Проблема соотношения «жанра» и «антижанра», связанная с влиянием эпохи на изменение, подчас кардинальное, жанровой определенности литературного произведения, особенно актуальна сегодня в связи с попыткой понять и объяснить обилие антиутопических романов, наводнивших периодику. К тому же появление антиномий в рамках одного литературного жанра вполне может стать закономерным в отношении других жанровых образований. Отсюда возникает необходимость исследовать переход утопии в антиутопию, механизм этого процесса и причины его.
Несмотря на то, что этот вопрос уже был поставлен в литературоведении, критика, как правило, сводила суть проблемы к зависимости литературной утопии от социальной. Подобный взгляд – извне, - безусловно, необходим, ибо он помогает понять закономерность, историческую обусловленность внутрижанровой трансформации. Но постичь сам механизм такого преобразования, объяснить природу литературного феномена можно только изнутри, из самого жанра.
И тут более плодотворным является путь не противо-, а сопоставления утопии и антиутопии, попытка увидеть их общность. На эту мысль наводит нас сам литературный материал.
В русском народном менталитете, который за много веков стал православным, хотя и сохранил языческие остатки, выработалось несколько стержневых понятий, мощно воздействующих на мировоззрение, на поведение, на чувства. Отмечу представления об Антихристе, о дьяволе, постоянно захватывающем сферы человеческой жизни, поэтому человек постоянно нуждается в напряженной чуткости к проискам беса и в тяжелой борьбе с ним; потом — представление об Апокалипсисе, как бы о кульминации дьявольских успехов и об окончательном низвержении Антихриста; представление о чуде как о главной божественной акции, помогающей людям: успех достигается не целенаправленной деятельностью, не упорным трудом, а молитвенными обращениями к Богу и Его мгновенными действиями воспомоществования; наконец, представление о рае и вечной жизни в очень бытовизированном виде.
Все эти черты можно найти в мировоззрении, поведении, психологии самого Федора Михайловича Достоевского, в ткани его художественных и публицистических произведений (например, обильные в его жизни и творчестве сюжеты игры, выигрыша, проигрыша — прямое отражение чуда; не говоря уже о многочисленных коллизиях «вдруг»).
Притягательность текстов Федора Михайловича безгранична.
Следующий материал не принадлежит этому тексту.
(* For $M,N\in\Lambda$, if $M=_{\mathsf v}N$ then $\mathrm{NF}(\mathcal T(M))=\mathrm{NF}(\mathcal T(N))$.
   Context: Call-by-value $\lambda$-calculus with permutations: $\lambda$-terms and values are $M,N::=V\mid MN$, $V::=x\mid\lambda x.M$, up to $\alpha$-conversion. Rules: $(\beta_v)$ $(\lambda x.M)V\to M\{x:=V\}$ if $V$ is a value; $(\sigma_1)$ $(\lambda x.M)NP\to(\lambda x.MP)N$ if $x\notin\mathrm{FV}(P)$; $(\sigma_3)$ $V((\lambda x.M)N)\to(\lambda x.VM)N$ if $V$ is a value and $x\notin\mathrm{FV}(V)$. $\to_{\mathsf v}$ is their contextual closure and $=_{\mathsf v}$ its reflexive-symmetric-transitive closure. Resource calculus: resource values $v::=x\mid\lambda x.t$; simple terms $s,t::=st\mid[v_1,\dots,v_k]$ (bags are finite multisets); $[x^n]$ is $n$ copies of $x$. Linear substitution $e\langle x:=v_1,\dots,v_n\rangle$ is the set of terms obtained by replacing the $n$ free occurrences of $x$ in $e$ bijectively by $v_1,\dots,v_n$ (over all permutations), or $\emptyset$ if $x$ does not occur exactly $n$ times free. Constructors extend multilinearly to sets. Rules: $(\beta_r)$ $[\lambda x.t][v_1,\dots,v_n]\to t\langle x:=v_1,\dots,v_n\rangle$; $(0)$ $[v_1,\dots,v_n]t\to\emptyset$ if $n\ne1$; $(\sigma_1)$ $[\lambda x.t]s_1s_2\to[\lambda x.ts_2]s_1$ if $x\notin\mathrm{FV}(s_1)$; $(\sigma_3)$ $[v]([\lambda x.t]s)\to[\lambda x.[v]t]s$ if $x\notin\mathrm{FV}(v)$. $\to_{\mathsf r}$ is the closure of these rules under abstraction, both sides of application, elements of bags, and on finite sets ($e\to\mathcal E_1$, $e\notin\mathcal E_2$ imply $\{e\}\cup\mathcal E_2\to\mathcal E_1\cup\mathcal E_2$); it is confluent and strongly normalizing, $\mathrm{nf}(e)$ is the normal form and $\mathrm{NF}(\mathcal E)=\bigcup_{e\in\mathcal E}\mathrm{nf}(e)$. Taylor expansion: $\mathcal T(x)=\{[x^n]\mid n\ge0\}$, $\mathcal T(\lambda x.N)=\{[\lambda x.t_1,\dots,\lambda x.t_n]\mid n\ge0,\ t_i\in\mathcal T(N)\}$, $\mathcal T(PQ)=\{st\mid s\in\mathcal T(P),t\in\mathcal T(Q)\}$. *)

theory Defs
  imports Main "HOL-Library.Multiset"
begin

datatype lterm = Var nat | Lam lterm | App lterm lterm

fun is_val :: "lterm \<Rightarrow> bool" where
  "is_val (Var _) = True"
| "is_val (Lam _) = True"
| "is_val (App _ _) = False"

primrec lift :: "nat \<Rightarrow> lterm \<Rightarrow> lterm" where
  "lift k (Var i) = (if i < k then Var i else Var (Suc i))"
| "lift k (Lam t) = Lam (lift (Suc k) t)"
| "lift k (App s t) = App (lift k s) (lift k t)"

primrec subst :: "lterm \<Rightarrow> nat \<Rightarrow> lterm \<Rightarrow> lterm" where
  "subst (Var i) k s = (if i < k then Var i else if i = k then s else Var (i - 1))"
| "subst (Lam t) k s = Lam (subst t (Suc k) (lift 0 s))"
| "subst (App t u) k s = App (subst t k s) (subst u k s)"

inductive step_v :: "lterm \<Rightarrow> lterm \<Rightarrow> bool" where
  beta_v: "is_val V \<Longrightarrow> step_v (App (Lam M) V) (subst M 0 V)"
| sigma1: "step_v (App (App (Lam M) N) P) (App (Lam (App M (lift 0 P))) N)"
| sigma3: "is_val V \<Longrightarrow> step_v (App V (App (Lam M) N)) (App (Lam (App (lift 0 V) M)) N)"
| ctx_lam: "step_v M M' \<Longrightarrow> step_v (Lam M) (Lam M')"
| ctx_appL: "step_v M M' \<Longrightarrow> step_v (App M N) (App M' N)"
| ctx_appR: "step_v N N' \<Longrightarrow> step_v (App M N) (App M N')"

abbreviation eq_v :: "lterm \<Rightarrow> lterm \<Rightarrow> bool" where
  "eq_v \<equiv> equivclp step_v"

datatype rterm = RApp rterm rterm | Bag "rval multiset"
     and rval = RVar nat | RLam rterm

primrec rlift :: "nat \<Rightarrow> rterm \<Rightarrow> rterm"
    and rlift_v :: "nat \<Rightarrow> rval \<Rightarrow> rval" where
  "rlift k (RApp s t) = RApp (rlift k s) (rlift k t)"
| "rlift k (Bag m) = Bag (image_mset (rlift_v k) m)"
| "rlift_v k (RVar i) = (if i < k then RVar i else RVar (Suc i))"
| "rlift_v k (RLam t) = RLam (rlift (Suc k) t)"

text \<open>Linear substitution: \<open>lsub x VS t t'\<close> holds iff \<open>t'\<close> is obtained from \<open>t\<close> by
  replacing the free occurrences of index \<open>x\<close> bijectively by the values of the multiset
  \<open>VS\<close> (values lifted when passing under binders, the index \<open>x\<close> being removed).\<close>
inductive lsub :: "nat \<Rightarrow> rval multiset \<Rightarrow> rterm \<Rightarrow> rterm \<Rightarrow> bool"
      and lsub_v :: "nat \<Rightarrow> rval multiset \<Rightarrow> rval \<Rightarrow> rval \<Rightarrow> bool" where
  ls_app: "lsub x A s s' \<Longrightarrow> lsub x B t t' \<Longrightarrow> lsub x (A + B) (RApp s t) (RApp s' t')"
| ls_nil: "lsub x {#} (Bag {#}) (Bag {#})"
| ls_bag: "lsub_v x A u u' \<Longrightarrow> lsub x B (Bag m) (Bag m') \<Longrightarrow>
             lsub x (A + B) (Bag (add_mset u m)) (Bag (add_mset u' m'))"
| ls_hit: "lsub_v x {#v#} (RVar x) v"
| ls_var: "y \<noteq> x \<Longrightarrow> lsub_v x {#} (RVar y) (RVar (if y < x then y else y - 1))"
| ls_lam: "lsub (Suc x) (image_mset (rlift_v 0) A) t t' \<Longrightarrow> lsub_v x A (RLam t) (RLam t')"
(* Let $0<a<m<b<1$ and let $g:\mathbb R\to\mathbb R$ be given by $g(u)=0$ if $u<a$, $g(u)=1$ if $a\le u\le b$, and $g(u)=m$ if $u>b$. Let $k:\mathbb R\to\mathbb R$ be a piecewise differentiable function satisfying: (H1) $k(x)\ge 0$ for all $x$ and $\int_{-\infty}^{\infty}k(x)\,dx=1$; (H2) $k(x)=k(-x)$ for all $x$; (H3) $k(x)>0$ for all $x\in(-\sigma,\sigma)$ for some $0<\sigma\le\infty$; (H4) for all $\lambda\in(0,1)$ and all $A,B\in\mathbb R$ with $A>B$, the function $x\mapsto k(x-A)-\lambda k(x-B)$ has fewer than $2$ sign changes; (H5) for all $\lambda\in(0,1)$ and all $A,B\in\mathbb R$ with $A>B$, the function $x\mapsto k(x-r-A)-\lambda k(x-r-B)-k(x+r+A)+\lambda k(x+r+B)$ has fewer than $4$ sign changes for all sufficiently large $r>0$. Define the operator $Q[u](x)=\int_{-\infty}^{\infty}k(x-y)\,g(u(y))\,dy$ on bounded continuous functions $u:\mathbb R\to\mathbb R$. Let $w_1(x)=\int_x^\infty k(y)\,dy$, let $c^*=\tfrac12\sup\{x\in\mathbb R: Q[w_1](x)=a\}$, and let $w_2(x)=Q[w_1](x+c^* )$. Define $W_n(x)=w_1(x-nc^* )$ for $n\ge0$ even and $W_n(x)=w_2(x-nc^* )$ for $n\ge 0$ odd. If $\|w_2\|_\infty<b$, then $W_{n+1}=Q[W_n]$ for all $n\ge 0$.
   Context: $\|\cdot\|_\infty$ denotes the supremum norm on bounded continuous real-valued functions on $\mathbb R$. *)

theory Defs
  imports "HOL-Analysis.Analysis"
begin

definition gfun :: "real \<Rightarrow> real \<Rightarrow> real \<Rightarrow> real \<Rightarrow> real" where
  "gfun a m b u = (if u < a then 0 else if u \<le> b then 1 else m)"

definition Qop :: "(real \<Rightarrow> real) \<Rightarrow> (real \<Rightarrow> real) \<Rightarrow> (real \<Rightarrow> real) \<Rightarrow> real \<Rightarrow> real" where
  "Qop k g u x = integral\<^sup>L lborel (\<lambda>y. k (x - y) * g (u y))"

definition sign_changes_ge :: "(real \<Rightarrow> real) \<Rightarrow> nat \<Rightarrow> bool" where
  "sign_changes_ge f n \<longleftrightarrow>
     (\<exists>xs. length xs = Suc n \<and> sorted_wrt (<) xs \<and>
           (\<forall>i<n. f (xs ! i) * f (xs ! Suc i) < 0))"

definition fewer_sign_changes :: "(real \<Rightarrow> real) \<Rightarrow> nat \<Rightarrow> bool" where
  "fewer_sign_changes f n \<longleftrightarrow> \<not> sign_changes_ge f n"

definition piecewise_differentiable :: "(real \<Rightarrow> real) \<Rightarrow> bool" where
  "piecewise_differentiable k \<longleftrightarrow>
     (\<exists>S. finite S \<and> (\<forall>x. x \<notin> S \<longrightarrow> k differentiable (at x)))"

end

theory Submission
  imports Defs
begin

(* w1 is the upper tail of k, so g(w1) equals m left of some point B, 1 on [B, A] and 0 right
   of A, with B < A; hence Q[w1](x) = w1(x - A) - (1 - m) w1(x - B).  The decrease of Q[w1]
   over (x, y) is the integral of k(s - A) - (1 - m) k(s - B), which by (H4) changes sign at
   most once.  Since Q[w1] runs from m at -oo down to 0 at +oo, it cannot dip below a before
   its last crossing of a, so a <= Q[w1](x) exactly when x <= 2 c^*.  If moreover w2 < b,
   then g(w2) is the indicator of (-oo, c^*], whence Q[w2] is w1 translated by c^*, and
   translation invariance of Q carries the two identities along W. *)

lemma sign_changes_ge_2I:
  assumes "x < y" "y < z" "f x * f y < 0" "f y * f z < 0"
  shows "sign_changes_ge f 2"
  unfolding sign_changes_ge_def
  by (rule exI[of _ "[x, y, z]"]) (use assms in \<open>auto simp: numeral_2_eq_2 less_Suc_eq\<close>)

lemma ex_pos_if_integral_indicator_pos:
  fixes f :: "real \<Rightarrow> real"
  assumes "0 < (\<integral>s. indicator {x<..<y} s * f s \<partial>lborel)"
  shows "\<exists>s\<in>{x<..<y}. 0 < f s"
proof (rule ccontr)
  assume "\<not> ?thesis"
  then have "0 \<le> (\<integral>s. - (indicator {x<..<y} s * f s) \<partial>lborel)"
    by (intro Bochner_Integration.integral_nonneg) (auto simp: indicator_def not_less)
  with assms show False by simp
qed

lemma
  fixes Q :: "real \<Rightarrow> real"
  assumes cont: "continuous_on UNIV Q"
    and lim_bot: "(Q \<longlongrightarrow> lb) at_bot" and lim_top: "(Q \<longlongrightarrow> lt) at_top"
    and "lt < c" "c < lb"
  shows Q_Sup_level_set: "Q (Sup {x. Q x = c}) = c"
    and less_if_Sup_level_set_less: "Sup {x. Q x = c} < x \<Longrightarrow> Q x < c"
proof -
  define L where "L = {x. Q x = c}"
  obtain N where N: "\<And>t. N \<le> t \<Longrightarrow> Q t < c"
    using order_tendstoD(2)[OF lim_top \<open>lt < c\<close>] by (auto simp: eventually_at_top_linorder)
  obtain M where M: "c < Q M"
    using order_tendstoD(1)[OF lim_bot \<open>c < lb\<close>] by (auto simp: eventually_at_bot_linorder)
  have crossing: "\<exists>y\<ge>x. Q y = c" if "c \<le> Q x" for x
  proof -
    have "Q (max x N) \<le> c"
      using N[of "max x N"] by simp
    then show ?thesis
      using IVT2'[OF _ that max.cobounded1 continuous_on_subset[OF cont subset_UNIV]] by blast
  qed
  have "L \<noteq> {}"
    using crossing[of M] M by (auto simp: L_def)
  moreover have bdd: "bdd_above L"
  proof (rule bdd_aboveI)
    fix y assume "y \<in> L"
    then show "y \<le> N" using N[of y] by (cases "N \<le> y") (auto simp: L_def)
  qed
  moreover have "closed L"
    unfolding L_def by (intro closed_Collect_eq cont continuous_on_const)
  ultimately have "Sup L \<in> L"
    by (rule closed_contains_Sup)
  then show "Q (Sup {x. Q x = c}) = c"
    by (simp add: L_def)
  show "Q x < c" if "Sup {x. Q x = c} < x"
    using crossing[of x] cSup_upper[OF _ bdd] that by (force simp: L_def)
qed

text \<open>If Q ran from above c down to below c, back up to c and down again, its rate of
  decrease f would be positive, negative and positive in turn.\<close>
lemma ge_iff_le_Sup_level_set:
  fixes Q f :: "real \<Rightarrow> real"
  assumes cont: "continuous_on UNIV Q"
    and lim_bot: "(Q \<longlongrightarrow> lb) at_bot" and lim_top: "(Q \<longlongrightarrow> lt) at_top"
    and "lt < c" "c < lb"
    and decrease: "\<And>x y. x \<le> y \<Longrightarrow> Q x - Q y = (\<integral>s. indicator {x<..<y} s * f s \<partial>lborel)"
    and few: "fewer_sign_changes f 2"
  shows "c \<le> Q x \<longleftrightarrow> x \<le> Sup {x. Q x = c}"
proof -
  define S where "S = Sup {x. Q x = c}"
  note Q_S = Q_Sup_level_set[OF assms(1-5), folded S_def]
  note above = less_if_Sup_level_set_less[OF assms(1-5), folded S_def]
  have pos_witness: "\<exists>s\<in>{x<..<y}. 0 < f s" if "x \<le> y" "Q y < Q x" for x y
    using that by (intro ex_pos_if_integral_indicator_pos) (simp add: decrease[symmetric])
  have neg_witness: "\<exists>s\<in>{x<..<y}. f s < 0" if "x \<le> y" "Q x < Q y" for x y
    using ex_pos_if_integral_indicator_pos[of x y "\<lambda>s. - f s"] decrease[of x y] that by simp
  have below: "c \<le> Q x" if x_less: "x < S" for x
  proof (rule ccontr)
    assume "\<not> c \<le> Q x"
    obtain M where "\<And>t. t \<le> M \<Longrightarrow> c < Q t"
      using order_tendstoD(1)[OF lim_bot \<open>c < lb\<close>] by (auto simp: eventually_at_bot_linorder)
    then have "min M x \<le> x" "c < Q (min M x)"
      by simp_all
    then obtain s1 where "s1 < x" "0 < f s1"
      using pos_witness[of "min M x" x] \<open>\<not> c \<le> Q x\<close> by auto
    moreover obtain s2 where "x < s2" "s2 < S" "f s2 < 0"
      using neg_witness[of x S] x_less Q_S \<open>\<not> c \<le> Q x\<close> by force
    moreover obtain s3 where "S < s3" "0 < f s3"
      using pos_witness[of S "S + 1"] above[of "S + 1"] Q_S by auto
    ultimately have "sign_changes_ge f 2"
      by (intro sign_changes_ge_2I[of s1 s2 s3]) (auto simp: mult_pos_neg mult_neg_pos)
    with few show False by (simp add: fewer_sign_changes_def)
  qed
  show ?thesis
    using above[of x] below[of x] Q_S unfolding S_def[symmetric]
    by (cases x S rule: linorder_cases) auto
qed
Они завораживают, околдовывают. Они продолжают влиять на ход мыслей и общее самоощущение жизни долгое время после того, как были прочитаны. Читая про сложные, изломанные судьбы его героев, мы отнюдь не являемся наблюдателями – напротив, мы вживаемся в них, чувствуем их боль, страдания, сомнения, и кажется порой, что мы понимаем их лучше, чем самое себя. Чтение художественного текста – процесс очень личный и интимный, и его влияние на внутреннюю жизнь человека по сей день не вполне изучено.
Одно бесспорно – молчаливый собеседник, каковым является хорошая книга, становится на какое-то время и авторитетом, и даже примером – как, оказывается, можно жить, мыслить, переживать. И чем талантливее написан текст, тем сильнее обаяние героев, независимо от того, какие ценности он декларирует.
Художественная книга – это не учебник, где все написано прямо и потому можно так же прямо все оспорить и опровергнуть. Здесь все значительно тоньше, в книге можно «заразиться» идеями и ценностями, минуя «рацио», на эмоциональном, а может, даже на подсознательном уровне, через очарование и красоту. Мы наблюдаем героев не со стороны, а как бы изнутри (в этом одна из особенностей стиля Достоевского), и само собой, «читая» мысли героев, мы практически становимся ими, не задаваясь вопросами, а каково приходится с ними другим людям.